No class of the community has received so much good advice as that to which the farmer belongs, and it would be a wonder if he did not resent some of it, and say that it is not good advice that is wanted most, but good seasons. However, when a practical lesson comes within one’s reach for the better utilisation of available material, only a foolish person would neglect to learn it. In the model dairy at the Brighton Show, last summer, Professor Long gave an explanatory demonstration of the simple methods of making three kinds of soft cheese, by the employment of tinned-iron hoops, beech-boards, straw-mats, milk-vessels, draining-shelves, and a thermometer. In the Journal of the Bath and West of England Society, he has recently drawn attention to the subject again, and explains his method whereby the farmer may utilise his skim-milk by the profitable manufacture of soft cheese. It seems that anybody can learn the processes; and a few experiments will teach the practice of ripening the cheeses in an apartment having a regulated temperature proper for the development of the necessary white mould, followed by blue mould, producing the most accepted flavour.

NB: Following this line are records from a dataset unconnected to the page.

(* Let $J:=\operatorname{conv}\{\mathbf{v}_0,\mathbf{v}_1,\dots,\mathbf{v}_d\}\subset\mathbb{R}^d_{\ge 0}\setminus\{\mathbf{0}\}$ be a $d$-simplex and let $f$ be continuous and convex on $J$. Then $$\operatorname{vol}(P(f,J))=\frac{1}{(d+2)!}\left|\det\begin{bmatrix}\mathbf{v}_0&\mathbf{v}_1&\dots&\mathbf{v}_d\\ 1&1&\dots&1\end{bmatrix}\right|\sum_{j=0}^d f(\mathbf{v}_j)-\frac{1}{d+2}\int_J f(\mathbf{x})\,d\mathbf{x}.$$
   Context: Let $\mu:\mathbb{R}^d\to\mathbb{R}$ be the unique affine function agreeing with $f$ at the vertices $\mathbf{v}_0,\dots,\mathbf{v}_d$ of $J$, and let $\mu(\mathbf{x},z):=z\,\mu(\mathbf{x}/z)$ (which extends to a linear function of $(\mathbf{x},z)$). For $z\ge 0$, $z\cdot J:=\{z\mathbf{x}:\mathbf{x}\in J\}$. The perspective relaxation is $$P(f,J):=\operatorname{cl}\{(\mathbf{x},y,z)\in\mathbb{R}^d\times\mathbb{R}\times\mathbb{R}:\ \mu(\mathbf{x},z)\ge y\ge z f(\mathbf{x}/z),\ \mathbf{x}\in z\cdot J,\ 1\ge z>0\}.$$ $\operatorname{vol}$ denotes $(d+2)$-dimensional Lebesgue measure. *)

theory Defs
  imports "HOL-Analysis.Analysis"
begin

text \<open>The unique affine function agreeing with f at the vertices v j
  (j ranging over the d+1 indices of type 'n option).\<close>
definition affine_interp ::
  "('n::finite option \<Rightarrow> real^'n) \<Rightarrow> (real^'n \<Rightarrow> real) \<Rightarrow> real^'n \<Rightarrow> real" where
  "affine_interp v f = (THE g. (\<exists>a b. g = (\<lambda>x. a \<bullet> x + b)) \<and> (\<forall>j. g (v j) = f (v j)))"

definition persp_relax ::
  "('n::finite option \<Rightarrow> real^'n) \<Rightarrow> (real^'n \<Rightarrow> real) \<Rightarrow> ((real^'n) \<times> real \<times> real) set" where
  "persp_relax v f = closure {(x, y, z). 0 < z \<and> z \<le> 1 \<and>
      x \<in> (\<lambda>p. z *\<^sub>R p) ` (convex hull (range v)) \<and>
      z * f ((1 / z) *\<^sub>R x) \<le> y \<and> y \<le> z * affine_interp v f ((1 / z) *\<^sub>R x)}"

definition vertex_matrix :: "('n::finite option \<Rightarrow> real^'n) \<Rightarrow> real^('n option)^('n option)" where
  "vertex_matrix v = (\<chi> i j. case i of None \<Rightarrow> 1 | Some k \<Rightarrow> v j $ k)"

end

theory Submission
  imports Defs
begin

(* The slice of P(f,J) at height z in (0,1] is the region between z f(x/z) and z mu(x/z) over
   z J; its area is z^(d+1) times the integral of mu - f over J, so integrating over z gives
   vol P(f,J) = (int_J mu - int_J f) / (d+2), the closure adding only the null slice z = 0.
   Since mu interpolates f at the vertices, int_J mu = sum_j f(v_j) int_J lambda_j for the
   barycentric coordinates lambda_j; the superlevel sets of lambda_j are homothetic copies of J,
   whence int_J lambda_j = vol J / (d+1). Finally, the truncated cone over J has volume
   vol J / (d+1) by the same slicing, and it is the image of the standard simplex of R^(d+1)
   under the vertex matrix, so vol J = |det V| / d!. *)

section \<open>Lebesgue measure of linear images\<close>

(* The library's change of variables for linear maps (Change_Of_Vars) needs a well-ordered index
   type; 'a ranked is a well-ordered copy of the finite type 'a, through which that result is
   transported to arbitrary finite index types. *)
typedef ('a::finite) ranked = "{..<CARD('a)}"
  morphisms ranked_nat Ranked
  by (rule exI[of _ 0]) simp

instantiation ranked :: (finite) linorder
begin
definition "x \<le> y \<longleftrightarrow> ranked_nat x \<le> ranked_nat y"
definition "x < y \<longleftrightarrow> ranked_nat x < ranked_nat y"
instance by standard (auto simp: less_eq_ranked_def less_ranked_def ranked_nat_inject)
end

instance ranked :: (finite) wellorder
proof
  fix P :: "'a ranked \<Rightarrow> bool" and a :: "'a ranked"
  assume step: "\<And>x. (\<And>y. y < x \<Longrightarrow> P y) \<Longrightarrow> P x"
  show "P a"
    by (induction a rule: measure_induct_rule[of ranked_nat]) (rule step, simp add: less_ranked_def)
qed

instance ranked :: (finite) finite
  by standard (simp add: type_definition.Abs_image[OF type_definition_ranked, symmetric])

lemma card_ranked: "CARD('a::finite ranked) = CARD('a)"
  by (simp add: type_definition.card[OF type_definition_ranked])

lemma det_reindex:
  fixes A :: "'a::comm_ring_1^'n::finite^'n" and e :: "'m::finite \<Rightarrow> 'n"
  assumes e: "bij e"
  shows "det (\<chi> i j. A $ e i $ e j) = det A"
proof -
  let ?conj = "\<lambda>q. e \<circ> q \<circ> inv e"
  have sign_conj: "sign (?conj q) = sign q" if "q permutes UNIV" for q
  proof -
    have "map_permutation UNIV e q = ?conj q"
      using e by (simp add: map_permutation_def restrict_id_def bij_is_surj comp_def)
    then show ?thesis
      using sign_map_permutation[of e UNIV q] e that by (simp add: bij_is_inj)
  qed
  have prod_conj: "(\<Prod>i\<in>UNIV. A $ i $ e (q (inv e i))) = (\<Prod>k\<in>UNIV. A $ e k $ e (q k))" for q
    using e by (subst prod.reindex_bij_betw[OF e, symmetric]) (simp add: bij_is_inj)
  have "det A = (\<Sum>q | q permutes (UNIV :: 'm set).
      of_int (sign (?conj q)) * (\<Prod>i\<in>UNIV. A $ i $ ?conj q i))"
    unfolding det_def
  proof (rule sum.reindex_bij_witness[of _ ?conj "\<lambda>p. inv e \<circ> p \<circ> e"])
    fix p :: "'n \<Rightarrow> 'n" assume "p \<in> {p. p permutes UNIV}"
    then show "?conj (inv e \<circ> p \<circ> e) = p" "inv e \<circ> p \<circ> e \<in> {q. q permutes UNIV}"
      using e by (auto simp: fun_eq_iff bij_is_surj surj_f_inv_f
          intro!: bij_imp_permutes bij_comp bij_imp_bij_inv permutes_bij)
    then show "of_int (sign (?conj (inv e \<circ> p \<circ> e))) * (\<Prod>i\<in>UNIV. A $ i $ ?conj (inv e \<circ> p \<circ> e) i)
        = of_int (sign p) * (\<Prod>i\<in>UNIV. A $ i $ p i)"
      by simp
  next
    fix q :: "'m \<Rightarrow> 'm" assume "q \<in> {q. q permutes UNIV}"
    then show "inv e \<circ> ?conj q \<circ> e = q" "?conj q \<in> {p. p permutes UNIV}"
      using e by (auto simp: fun_eq_iff bij_is_inj
          intro!: bij_imp_permutes bij_comp bij_imp_bij_inv permutes_bij)
  qed
  also have "\<dots> = det (\<chi> i j. A $ e i $ e j)"
    unfolding det_def by (intro sum.cong refl) (simp add: sign_conj prod_conj)
  finally show ?thesis ..
qed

From a gallon of ‘whole’ milk, costing sixpence, Professor Long made Brie cheese—the most famous of French varieties—worth, at ten days to three months old, from one shilling to one shilling and sixpence; from half a gallon of milk, half of it skim-milk, valued at twopence-halfpenny, he made Coulommiers, a round cheese worth at least eightpence; and from skim-milk only, costing about one penny, he made a square variety, of his own invention, named Graveley cheese, partaking of the qualities of the Limburg of Germany and the Livarot of France. We understand that nearly six millions of the delicious Brie cheeses are made annually in certain districts of France for the Parisian market. An important point will be gained, however, in this country, if some of our farmers begin to convert their skim-milk into a product which will sell at three or four times the value of the milk.
Honey-wine is said to be excellent; and Dzierzon—one of the most famous German writers on scientific bee-keeping—tells us that it is often manufactured by peasants in Eastern Europe. It is made as follows: Twenty-five pounds of honey are mixed with four and a half gallons of water in a bright copper boiler, the mixture being gently boiled and constantly skimmed during half an hour. Three pounds of finely powdered chalk are then gradually added, under constant stirring. The tough scum which rises to the surface is skimmed off, and when no more rises, the liquid is poured into a wooden vessel, where it is allowed to settle. The liquid is then carefully decanted into the cleaned kettle, mixed with six pounds of finely powdered and recently burned charcoal, and raised to boiling. It is now once more poured into the wooden vessel, allowed to cool, and then filtered through felt or flannel. It should be stated that the chalk is added to neutralise free acid, while the charcoal removes the waxy taste. The filtered liquor is then transferred to the boiler, mixed with the white of twenty-five eggs, and raised to boiling, when the coagulated albumen will have clarified the liquid. After having kept the liquid at a gentle boil for one hour longer, it is allowed to cool, and is then poured into a cask, which must not be quite full, and the bung-hole covered with a piece of clean linen. In this condition it is allowed to remain until fermentation has been completed. When it is perfectly clear, the liquid is drawn off into bottles. We are told by Dzierzon that this wine, if properly prepared, resembles the best brands of Madeira, and is a truly royal beverage. It keeps for any length of time, provided the bottles are stored in a cool cellar.